# first pompano



## TeaSea (Sep 28, 2013)

Been reading the posts as a 'guest' for a few weeks and finally joined the forum. Based on all the excellent tips I've read on here I was able to go harvest some mole crabs and catch my first Pompano out at Pickens yesterday afternoon. Moved here from Oklahoma in July and have a lot to learn about salt water fishing.

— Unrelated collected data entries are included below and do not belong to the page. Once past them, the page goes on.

definition sasakian :: "nat \<Rightarrow> ('m::finite) vec set \<Rightarrow> (('m::finite) vec \<Rightarrow> ('m::finite) vec \<Rightarrow> ('m::finite) vec \<Rightarrow> ('m::finite) vec)
    \<Rightarrow> (('m::finite) vec \<Rightarrow> ('m::finite) vec \<Rightarrow> ('m::finite) vec)
    \<Rightarrow> (('m::finite) vec \<Rightarrow> ('m::finite) vec) \<Rightarrow> (('m::finite) vec \<Rightarrow> ('m::finite) vec \<Rightarrow> real)
    \<Rightarrow> (('m::finite) vec \<Rightarrow> ('m::finite) vec \<Rightarrow> ('m::finite) vec \<Rightarrow> real) \<Rightarrow> bool" where
  "sasakian n U \<Gamma> f \<xi> \<eta> g \<longleftrightarrow> acm_structure n U f \<xi> \<eta> g \<and>
     (\<forall>p\<in>U. \<forall>v w. nabla11 \<Gamma> f p v w = g p v w *\<^sub>R \<xi> p - \<eta> p w *\<^sub>R v)"

end

theory Submission imports Defs begin

(* Differentiating f \<xi> = 0 and Q \<xi> = \<xi> along v, the hypothesis on \<nabla>f gives
   f (\<nabla>\<^sub>v \<xi>) = v - g(v, \<xi>) \<xi>  and  (\<nabla>\<^sub>v Q) \<xi> = \<nabla>\<^sub>v \<xi> - Q (\<nabla>\<^sub>v \<xi>).
   Like Q, the tensor \<nabla>\<^sub>v Q is g-self-adjoint; it vanishes on ker \<eta> and g((\<nabla>\<^sub>v Q) \<xi>, \<xi>) = 0,
   so (\<nabla>\<^sub>v Q) \<xi> = 0 and Q fixes \<nabla>\<^sub>v \<xi>. Then f v = f (f (\<nabla>\<^sub>v \<xi>)) = -\<nabla>\<^sub>v \<xi> + \<eta>(\<nabla>\<^sub>v \<xi>) \<xi>
   is fixed by Q as well. On ker \<eta> we have Q = -f\<^sup>2, so Q is the identity on Q(ker \<eta>), hence on
   ker \<eta> by injectivity, and Q \<xi> = \<xi>. *)

lemma smooth_fun_differentiable: "smooth_fun U h \<Longrightarrow> p \<in> U \<Longrightarrow> h differentiable (at p)"
  unfolding smooth_fun_def by (metis iter_dd.simps(1))

lemma differentiable_vec_componentwise:
  fixes X :: "'a::real_normed_vector \<Rightarrow> real^'n"
  assumes "\<And>i. (\<lambda>q. X q $ i) differentiable (at p)"
  shows "X differentiable (at p)"
proof -
  have "(\<lambda>q. \<Sum>i\<in>UNIV. X q $ i *\<^sub>R (axis i 1 :: real^'n)) differentiable (at p)"
    by (intro differentiable_sum ballI differentiable_scaleR[OF assms differentiable_const]) simp
  moreover have "(\<lambda>q. \<Sum>i\<in>UNIV. X q $ i *\<^sub>R axis i 1) = X"
    by (rule ext) (metis basis_expansion scalar_mult_eq_scaleR)
  ultimately show ?thesis
    by simp
qed

lemma smooth_vf_differentiable: "smooth_vf U X \<Longrightarrow> p \<in> U \<Longrightarrow> X differentiable (at p)"
  unfolding smooth_vf_def by (intro differentiable_vec_componentwise) (metis smooth_fun_differentiable)

lemma iter_dd_const: "iter_dd vs (\<lambda>q. c) = (\<lambda>q. if vs = [] then c else 0)"
  by (induction vs) auto

lemma smooth_11_id: "smooth_11 U (\<lambda>p. id)"
  unfolding smooth_11_def smooth_vf_def smooth_fun_def by (simp add: iter_dd_const)

lemma has_derivative_linear_family_apply:
  fixes \<Phi> :: "'a::real_normed_vector \<Rightarrow> 'c::euclidean_space \<Rightarrow> 'b::real_normed_vector"
  assumes U: "open U" "p \<in> U" and lin: "\<And>q. q \<in> U \<Longrightarrow> linear (\<Phi> q)"
    and d\<Phi>: "\<And>x. (\<lambda>q. \<Phi> q x) differentiable (at p)" and dX: "(X has_derivative X') (at p)"
  shows "((\<lambda>q. \<Phi> q (X q)) has_derivative
           (\<lambda>v. \<Phi> p (X' v) + frechet_derivative (\<lambda>q. \<Phi> q (X p)) (at p) v)) (at p)"
proof -
  define D where "D b = frechet_derivative (\<lambda>q. \<Phi> q b) (at p)" for b
  have D: "((\<lambda>q. \<Phi> q b) has_derivative D b) (at p)" for b
    unfolding D_def using d\<Phi> frechet_derivative_works by blast
  have expand: "\<Phi> q x = (\<Sum>b\<in>Basis. (x \<bullet> b) *\<^sub>R \<Phi> q b)" if "q \<in> U" for q x
  proof -
    have "\<Phi> q x = \<Phi> q (\<Sum>b\<in>Basis. (x \<bullet> b) *\<^sub>R b)" by (simp add: euclidean_representation)
    also have "\<dots> = (\<Sum>b\<in>Basis. (x \<bullet> b) *\<^sub>R \<Phi> q b)"
      using lin[OF that] by (simp add: linear_sum linear_scale)
    finally show ?thesis .
  qed
  have "((\<lambda>q. \<Sum>b\<in>Basis. (X q \<bullet> b) *\<^sub>R \<Phi> q b) has_derivative
      (\<lambda>v. \<Sum>b\<in>Basis. (X p \<bullet> b) *\<^sub>R D b v + (X' v \<bullet> b) *\<^sub>R \<Phi> p b)) (at p)"
    by (intro has_derivative_sum has_derivative_scaleR has_derivative_inner_left dX D)
  then have total: "((\<lambda>q. \<Phi> q (X q)) has_derivative
      (\<lambda>v. \<Sum>b\<in>Basis. (X p \<bullet> b) *\<^sub>R D b v + (X' v \<bullet> b) *\<^sub>R \<Phi> p b)) (at p)"
    by (rule has_derivative_transform_within_open[OF _ U]) (simp add: expand)
  have "((\<lambda>q. \<Sum>b\<in>Basis. (X p \<bullet> b) *\<^sub>R \<Phi> q b) has_derivative
      (\<lambda>v. \<Sum>b\<in>Basis. (X p \<bullet> b) *\<^sub>R D b v)) (at p)"
    by (intro has_derivative_sum has_derivative_scaleR_right D)
  then have "((\<lambda>q. \<Phi> q (X p)) has_derivative (\<lambda>v. \<Sum>b\<in>Basis. (X p \<bullet> b) *\<^sub>R D b v)) (at p)"
    by (rule has_derivative_transform_within_open[OF _ U]) (simp add: expand)
  then have "frechet_derivative (\<lambda>q. \<Phi> q (X p)) (at p) = (\<lambda>v. \<Sum>b\<in>Basis. (X p \<bullet> b) *\<^sub>R D b v)"
    by (rule frechet_derivative_at[symmetric])
  then show ?thesis
    using total by (simp add: sum.distrib expand[OF U(2), of "X' _"] add.commute)
qed

definition nabla_vf :: "('m vec \<Rightarrow> 'm vec \<Rightarrow> 'm vec \<Rightarrow> 'm vec) \<Rightarrow> ('m::finite vec \<Rightarrow> 'm vec)
    \<Rightarrow> 'm vec \<Rightarrow> 'm vec \<Rightarrow> 'm vec" where
  "nabla_vf \<Gamma> X p v = frechet_derivative X (at p) v + \<Gamma> p v (X p)"

lemma nabla_vf_transform_within_open:
  assumes "X differentiable (at p)" "open U" "p \<in> U" "\<And>q. q \<in> U \<Longrightarrow> X q = Y q"
  shows "nabla_vf \<Gamma> X p = nabla_vf \<Gamma> Y p"
  using frechet_derivative_transform_within_open[OF assms] assms(3,4)
  by (simp add: nabla_vf_def fun_eq_iff)

lemma nabla_vf_const: "nabla_vf \<Gamma> (\<lambda>q. c) p v = \<Gamma> p v c"
  by (simp add: nabla_vf_def)

lemma nabla_vf_apply:
  assumes "open U" "p \<in> U" "\<And>q. q \<in> U \<Longrightarrow> linear (F q)"
    and "\<And>w. (\<lambda>q. F q w) differentiable (at p)" and "X differentiable (at p)"
  shows "nabla_vf \<Gamma> (\<lambda>q. F q (X q)) p v = nabla11 \<Gamma> F p v (X p) + F p (nabla_vf \<Gamma> X p v)"
proof -
  have "((\<lambda>q. F q (X q)) has_derivative
      (\<lambda>v. F p (frechet_derivative X (at p) v) + frechet_derivative (\<lambda>q. F q (X p)) (at p) v)) (at p)"
    using assms by (intro has_derivative_linear_family_apply) (auto simp: frechet_derivative_works)
  then show ?thesis
    using assms(2,3) by (simp add: nabla_vf_def nabla11_def frechet_derivative_at[symmetric] linear_add)
qed

lemma nabla11_minus_id:
  assumes "(\<lambda>q. F q w) differentiable (at p)" and "linear (\<Gamma> p v)"
  shows "nabla11 \<Gamma> (\<lambda>q u. F q u - u) p v w = nabla11 \<Gamma> F p v w"
proof -
  have "frechet_derivative (\<lambda>q. F q w - w) (at p) = frechet_derivative (\<lambda>q. F q w) (at p)"
    using has_derivative_diff[OF assms(1)[unfolded frechet_derivative_works] has_derivative_const]
    by (simp add: frechet_derivative_at[symmetric])
  then show ?thesis
    using assms(2) by (simp add: nabla11_def linear_diff)
qed

lemma has_derivative_metric:
  assumes "riemannian_metric U g" "levi_civita U g \<Gamma>" "open U" "p \<in> U"
    and "X differentiable (at p)" "Y differentiable (at p)"
  shows "((\<lambda>q. g q (X q) (Y q)) has_derivative
           (\<lambda>v. g p (nabla_vf \<Gamma> X p v) (Y p) + g p (X p) (nabla_vf \<Gamma> Y p v))) (at p)"
proof -
  have bil: "bilinear (g q)" if "q \<in> U" for q
    using assms(1) that by (simp add: riemannian_metric_def)
  have dg: "(\<lambda>q. g q x y) differentiable (at p)" for x y
    using assms(1,4) smooth_fun_differentiable
    unfolding riemannian_metric_def smooth_02_def by blast
  have dY: "(Y has_derivative frechet_derivative Y (at p)) (at p)"
    using assms(6) by (simp add: frechet_derivative_works)
  have inner: "((\<lambda>q. g q x (Y q)) has_derivative
      (\<lambda>v. g p x (frechet_derivative Y (at p) v) + frechet_derivative (\<lambda>q. g q x (Y p)) (at p) v)) (at p)"
    for x
    using assms(3,4) bil dg dY
    by (intro has_derivative_linear_family_apply) (auto simp: bilinear_def)
  have "((\<lambda>q. g q (X q) (Y q)) has_derivative
      (\<lambda>v. g p (frechet_derivative X (at p) v) (Y p)
         + frechet_derivative (\<lambda>q. g q (X p) (Y q)) (at p) v)) (at p)"
    using assms(3,4) assms(5)[unfolded frechet_derivative_works] bil differentiableI[OF inner]
    by (intro has_derivative_linear_family_apply[where \<Phi> = "\<lambda>q x. g q x (Y q)"])
       (auto simp: bilinear_def)
  moreover have "frechet_derivative (\<lambda>q. g q (X p) (Y p)) (at p) v
      = g p (\<Gamma> p v (X p)) (Y p) + g p (X p) (\<Gamma> p v (Y p))" for v
    using assms(2,4) by (simp add: levi_civita_def)
  ultimately have "((\<lambda>q. g q (X q) (Y q)) has_derivative
      (\<lambda>v. g p (frechet_derivative X (at p) v) (Y p) + g p (X p) (frechet_derivative Y (at p) v)
         + (g p (\<Gamma> p v (X p)) (Y p) + g p (X p) (\<Gamma> p v (Y p))))) (at p)"
    using inner[of "X p"] by (simp add: frechet_derivative_at[symmetric] add.assoc)
  then show ?thesis
    by (rule has_derivative_eq_rhs)
       (simp add: fun_eq_iff nabla_vf_def bilinear_ladd[OF bil] bilinear_radd[OF bil] assms(4))
qed

lemma nabla11_self_adjoint:
  assumes "riemannian_metric U g" "levi_civita U g \<Gamma>" "open U" "p \<in> U"
    and "\<And>q. q \<in> U \<Longrightarrow> linear (F q)" and "\<And>w. (\<lambda>q. F q w) differentiable (at p)"
    and self_adjoint: "\<And>q x y. q \<in> U \<Longrightarrow> g q (F q x) y = g q x (F q y)"
  shows "g p (nabla11 \<Gamma> F p v a) b = g p a (nabla11 \<Gamma> F p v b)"
proof -
  have bil: "bilinear (g p)"
    using assms(1,4) by (simp add: riemannian_metric_def)
  have nabla_F: "nabla_vf \<Gamma> (\<lambda>q. F q c) p v = nabla11 \<Gamma> F p v c + F p (\<Gamma> p v c)" for c
    using nabla_vf_apply[of U p F "\<lambda>q. c"] assms(3-6) by (simp add: nabla_vf_const)
  (* Differentiate g (F a) b = g a (F b) for constant a, b: the \<Gamma>-terms cancel by self-adjointness
     of F p. *)
  have lhs: "((\<lambda>q. g q (F q a) b) has_derivative
      (\<lambda>v. g p (nabla_vf \<Gamma> (\<lambda>q. F q a) p v) b + g p (F p a) (\<Gamma> p v b))) (at p)"
    using has_derivative_metric[OF assms(1-4) assms(6)[of a] differentiable_const[of b]]
    by (simp only: nabla_vf_const)
  have rhs: "((\<lambda>q. g q (F q a) b) has_derivative
      (\<lambda>v. g p (\<Gamma> p v a) (F p b) + g p a (nabla_vf \<Gamma> (\<lambda>q. F q b) p v))) (at p)"
  proof (rule has_derivative_transform_within_open[OF _ assms(3,4)])
    show "((\<lambda>q. g q a (F q b)) has_derivative
        (\<lambda>v. g p (\<Gamma> p v a) (F p b) + g p a (nabla_vf \<Gamma> (\<lambda>q. F q b) p v))) (at p)"
      using has_derivative_metric[OF assms(1-4) differentiable_const[of a] assms(6)[of b]]
      unfolding nabla_vf_const .
    show "g q a (F q b) = g q (F q a) b" if "q \<in> U" for q
      using self_adjoint[OF that] by simp
  qed
  have "g p (nabla_vf \<Gamma> (\<lambda>q. F q a) p v) b + g p (F p a) (\<Gamma> p v b)
      = g p (\<Gamma> p v a) (F p b) + g p a (nabla_vf \<Gamma> (\<lambda>q. F q b) p v)"
    using fun_cong[OF has_derivative_unique[OF lhs rhs], of v] .
  then show ?thesis
    using self_adjoint[OF assms(4)] by (simp add: nabla_F bilinear_ladd[OF bil] bilinear_radd[OF bil])
qed

lemma self_adjoint_vanishing_on_kernel:
  fixes N :: "'a::real_vector \<Rightarrow> 'a" and g :: "'a \<Rightarrow> 'a \<Rightarrow> real" and \<eta> :: "'a \<Rightarrow> real"
  assumes "bilinear g" and pos: "\<And>x. x \<noteq> 0 \<Longrightarrow> g x x > 0" and "linear \<eta>" "\<eta> \<xi> = 1"
    and self_adjoint: "\<And>a b. g (N a) b = g a (N b)" and kernel: "\<And>w. \<eta> w = 0 \<Longrightarrow> N w = 0"
    and "g (N \<xi>) \<xi> = 0"
  shows "N \<xi> = 0"
proof -
  have "g (N \<xi>) u = 0" for u
  proof -
    have "\<eta> (u - \<eta> u *\<^sub>R \<xi>) = 0"
      using assms(3,4) by (simp add: linear_diff linear_scale)
    then have "g (N \<xi>) (u - \<eta> u *\<^sub>R \<xi>) = 0"
      using self_adjoint kernel bilinear_rzero[OF assms(1)] by metis
    then show ?thesis
      using assms(1,7) by (simp add: bilinear_rsub bilinear_rmul)
  qed
  then have "g (N \<xi>) (N \<xi>) = 0" .
  then show ?thesis
    using pos[of "N \<xi>"] by fastforce
qed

Give a man a fish and he'll eat for a day. Teach him to fish and his wife will cuss you every Saturday.


----------



## HappyHourHero (Jan 31, 2012)

Congrats on your first Pomp. They are quite tasty.


----------



## Snagged Line (Sep 30, 2007)

Thats it, You are now addicted.....


----------



## TeaSea (Sep 28, 2013)

'fraid you're right. Already online checking prices on pier carts to haul all the gear down the beach (which only will triple when wifey wants to go along) ;-)


----------



## HappyHourHero (Jan 31, 2012)

Where in OK are you from?


----------



## TeaSea (Sep 28, 2013)

Northeast corner. Grew up in Miami and then moved to Grove on Grand Lake after college. 
You from Ok too?


----------



## HappyHourHero (Jan 31, 2012)

Yeah I was born and raised near Weatherford.


----------



## Russian (Jan 13, 2009)

Thats how it all started when I first moved from MI in 2009, now I have an entire set of gear just for fishing the surf, cart and all. You will have a lot of fun with it and who doesnt like sitting on the beach fishing or not. I dont go to the beach without my gear anymore.
Welcome to the forum and looking forward to your progress. Search this forum and you will find more info than you can retain all at once. I learned most of what I know from here, also helps to talk to the old timers that have been doing this forever. Also, everyone will have their own opinion, take it all in and develop a system that works for you.


----------



## TeaSea (Sep 28, 2013)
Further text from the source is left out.